Q. Great to have you back in New York. Curious, given the health issues that you have discussed, especially the lung problems that you have overcome, how much concern or trepidation did you have coming into a situation like this, especially now?

SERENA WILLIAMS: Well, I have had a little trepidation, but I spoke a lot to Stacey Allaster, and we have been having a lot of conversations just on the phone.

For me, it's been a different experience, and, you know, I'm really a little intense. You might see me walking around with my HAZMAT glasses and everything, and mask, obviously.

But for me, like, this is a little bit deeper than just playing tennis. It's, like, okay, I have health issues and I don't necessarily want to get sick, and if I do, I want the good version.

So I have been doing extra vitamins. So if something happens, at least I will have the good strain, I guess, of the virus.

It's really important for me to take so many precautions. I'm probably taking more than most people, but not more than Venus because she's, like, in the same boat as me (smiling).

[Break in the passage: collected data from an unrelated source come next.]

text \<open>Cauchy's theorem on an annulus free of eigenvalues of \<open>U\<^sub>f(0)\<close>, which stays free of
  eigenvalues of \<open>U\<^sub>f(z)\<close> for small \<open>z\<close>; \<open>\<mu>\<close> itself need not be an eigenvalue.\<close>
lemma eventually_contour_integral_resolvent_eq:
  fixes Uf :: "complex \<Rightarrow> complex^'m^'m"
  assumes lim: "(Uf \<longlongrightarrow> Uf 0) (nhds 0)" and "r > 0" "R > 0"
    and sep: "\<And>\<mu>'. is_eigenvalue (Uf 0) \<mu>' \<Longrightarrow> \<mu>' \<noteq> \<mu> \<Longrightarrow> max r R < cmod (\<mu>' - \<mu>)"
  shows "\<forall>\<^sub>F z in nhds 0. \<forall>k q.
           contour_integral (circlepath \<mu> r) (\<lambda>\<zeta>. matrix_inv (Uf z - mat \<zeta>) $ k $ q) =
           contour_integral (circlepath \<mu> R) (\<lambda>\<zeta>. matrix_inv (Uf z - mat \<zeta>) $ k $ q)"
proof -
  define a where "a = min r R / 2"
  have a: "a > 0" "a < min r R" using assms(2,3) by (auto simp: a_def)
  define Oth where "Oth = {\<mu>'. is_eigenvalue (Uf 0) \<mu>'} - {\<mu>}"
  have finO: "finite Oth" unfolding Oth_def using finite_eigenvalues by blast
  define d where "d = Min (insert (max r R + 1) ((\<lambda>\<mu>'. cmod (\<mu>' - \<mu>)) ` Oth))"
  have "d \<in> insert (max r R + 1) ((\<lambda>\<mu>'. cmod (\<mu>' - \<mu>)) ` Oth)"
    unfolding d_def using finO by (intro Min_in) auto
  hence d_gt: "d > max r R" using sep by (auto simp: Oth_def)
  have d_le: "d \<le> cmod (\<mu>' - \<mu>)" if "\<mu>' \<in> Oth" for \<mu>'
    unfolding d_def using finO that by (intro Min_le) auto
  define b where "b = (max r R + d) / 2"
  have b: "max r R < b" "b < d" using d_gt by (auto simp: b_def)
  define K where "K = cball \<mu> b - ball \<mu> a"
  have inK: "\<zeta> \<in> K \<longleftrightarrow> a \<le> cmod (\<zeta> - \<mu>) \<and> cmod (\<zeta> - \<mu>) \<le> b" for \<zeta>
    by (auto simp: K_def dist_norm norm_minus_commute)
  have "det (Uf 0 - mat \<zeta>) \<noteq> 0" if "\<zeta> \<in> K" for \<zeta>
  proof
    assume "det (Uf 0 - mat \<zeta>) = 0"
    moreover have "\<zeta> \<noteq> \<mu>" using that a inK by auto
    ultimately have "\<zeta> \<in> Oth" by (simp add: Oth_def is_eigenvalue_iff_det)
    thus False using d_le that b inK by fastforce
  qed
  moreover have "compact K" unfolding K_def by (intro compact_diff) auto
  ultimately obtain \<epsilon> where "\<epsilon> > 0"
    and nz: "\<And>E \<zeta>. norm E \<le> \<epsilon> \<Longrightarrow> \<zeta> \<in> K \<Longrightarrow> det (Uf 0 + E - mat \<zeta>) \<noteq> 0"
    using resolvent_perturbation_bound by metis
  from lim \<open>\<epsilon> > 0\<close> have "\<forall>\<^sub>F z in nhds 0. norm (Uf z - Uf 0) < \<epsilon>"
    unfolding tendsto_iff dist_norm by blast
  then show ?thesis
  proof (rule eventually_mono, intro allI)
    fix z k q assume "norm (Uf z - Uf 0) < \<epsilon>"
    then have "det (Uf z - mat \<zeta>) \<noteq> 0" if "\<zeta> \<in> K" for \<zeta>
      using nz[of "Uf z - Uf 0" \<zeta>] that by simp
    then show "contour_integral (circlepath \<mu> r) (\<lambda>\<zeta>. matrix_inv (Uf z - mat \<zeta>) $ k $ q) =
               contour_integral (circlepath \<mu> R) (\<lambda>\<zeta>. matrix_inv (Uf z - mat \<zeta>) $ k $ q)"
      using assms(2,3) a b inK by (intro contour_integral_resolvent_circlepath_eq) auto
  qed
qed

We, together, I am just really, really, really aware of everything that we do. Yeah, it's just eye-opening, but it's also good to kind of get out and still be able to compete and still have fun and just say, you know, I was able to compete in this slam that was so insane, looking back on it.

Q. Was there any point you considered not coming to play these tournaments?

SERENA WILLIAMS: Yeah, there was definitely a point where, in the beginning, I was, like, There is no way these tournaments can even happen.

But like I said, I had a lot of great talks with several people at the USTA, and the protocols that they have are so intense, it definitely helps me to feel safe. I see that every day they are following through on those protocols.

Obviously it goes bigger than the USTA. The government has to be involved and the CDC at some level, so that also makes me feel a lot better.